Clac clac clac clac

Clac clac clac clac

Apenas caminaba cinco minutos afuera de la aldea, inclinaba despacio el torso sobre su estómago, flexionaba ambas rodillas y alzaba la pierna izquierda pocos centímetros del suelo. Cuando el reflejo espasmódico de su empeine ágil dejaba al descubierto las rozaduras, liberaba su mano izquierda para rascar vigorosamente los ronchones rojizos que trepaban desde el talón hasta la parte superior de su tobillo. Entornaba entonces disimuladamente la vista sobre el hombro izquierdo primero, luego el derecho, hasta asegurarse de que sólo las zarzas de la era fueran testigos de su alivio.

Era su único par de zapatos de tacón: negros, consumidos en la puntera y a los lados, con cierta prominencia a la derecha de la suela dado el desgaste siniestro. Unos zapatos deslucidos por las pisadas asimétricas y el trajín cotidiano sobre el piso aristado de las callejuelas, que se convertían con su clac clac clac clac furtivo en la música de fondo los albores de aquellas mañanas.

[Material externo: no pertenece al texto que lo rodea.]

lemma lookup_sum_nonzero:
  "Poly_Mapping.lookup (\<Sum>x\<in>S. f x) b \<noteq> 0 \<Longrightarrow> \<exists>x\<in>S. Poly_Mapping.lookup (f x) b \<noteq> 0"
  unfolding Poly_Mapping.lookup_sum by (blast elim: sum.not_neutral_contains_not_neutral)

lemma entry_opL_nonzero:
  assumes "entry (opL L LF l1 l2 I J) b' b \<noteq> 0"
  shows "\<exists>K e. b = (l2, J @ K, e) \<and> b' = (l1, I @ K, e)"
proof -
  obtain a K e where b: "b = (a, K, e)" by (cases b)
  show ?thesis
    using assms unfolding b
    by (simp add: opL_def entry_def lin_ext_ev split: if_splits)
      (auto simp: lookup_ev split: if_splits dest!: lookup_sum_nonzero)
qed

lemma entry_opR_nonzero:
  assumes "entry (opR L LF I J l1 l2) b' b \<noteq> 0"
  shows "\<exists>a K. b = (a, K @ J, l2) \<and> b' = (a, K @ I, l1)"
proof -
  obtain a K e where b: "b = (a, K, e)" by (cases b)
  show ?thesis
    using assms unfolding b
    by (simp add: opR_def entry_def lin_ext_ev split: if_splits)
      (auto simp: lookup_ev split: if_splits dest!: lookup_sum_nonzero)
qed

lemma entry_opS_nonzero:
  assumes "entry (opS L LF I J) b' b \<noteq> 0"
  shows "\<exists>a K1 K3 e. b = (a, K1 @ J @ K3, e) \<and> b' = (a, K1 @ I @ K3, e)"
proof -
  obtain a K e where b: "b = (a, K, e)" by (cases b)
  show ?thesis
    using assms unfolding b
    by (simp add: opS_def entry_def lin_ext_ev split: if_splits)
      (fastforce simp: lookup_ev split: if_splits dest!: lookup_sum_nonzero)
qed

lemma diagonalI: "(\<And>b' b. entry A b' b \<noteq> 0 \<Longrightarrow> b' = b) \<Longrightarrow> diagonal A"
  unfolding diagonal_def by blast

lemma diagonal_opF: "diagonal (opF L LF l1 l1 I I l2 l2)"
  by (rule diagonalI) (simp add: entry_opF split: if_splits)

lemma diagonal_opL: "diagonal (opL L LF l l I I)"
  by (rule diagonalI) (auto dest!: entry_opL_nonzero)

lemma diagonal_opR: "diagonal (opR L LF I I l l)"
  by (rule diagonalI) (auto dest!: entry_opR_nonzero)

Incorporándose con premura y de nuevo dentro de sus tacones, se encaminaba veloz a las Arribes, abrupta frontera natural entre Castilla y la Bragança natal de su madre. Apretaba el paso incómoda a causa de su inapropiado calzado. Se movía rápida y sin perder un solo minuto, consciente del peligro de no regresar antes de que sus paisanos se aviaran a la misa de la mañana, enfrentando una vez más la traición de un hermano chivato, un cura entrometido y de ciertos vecinos chismosos.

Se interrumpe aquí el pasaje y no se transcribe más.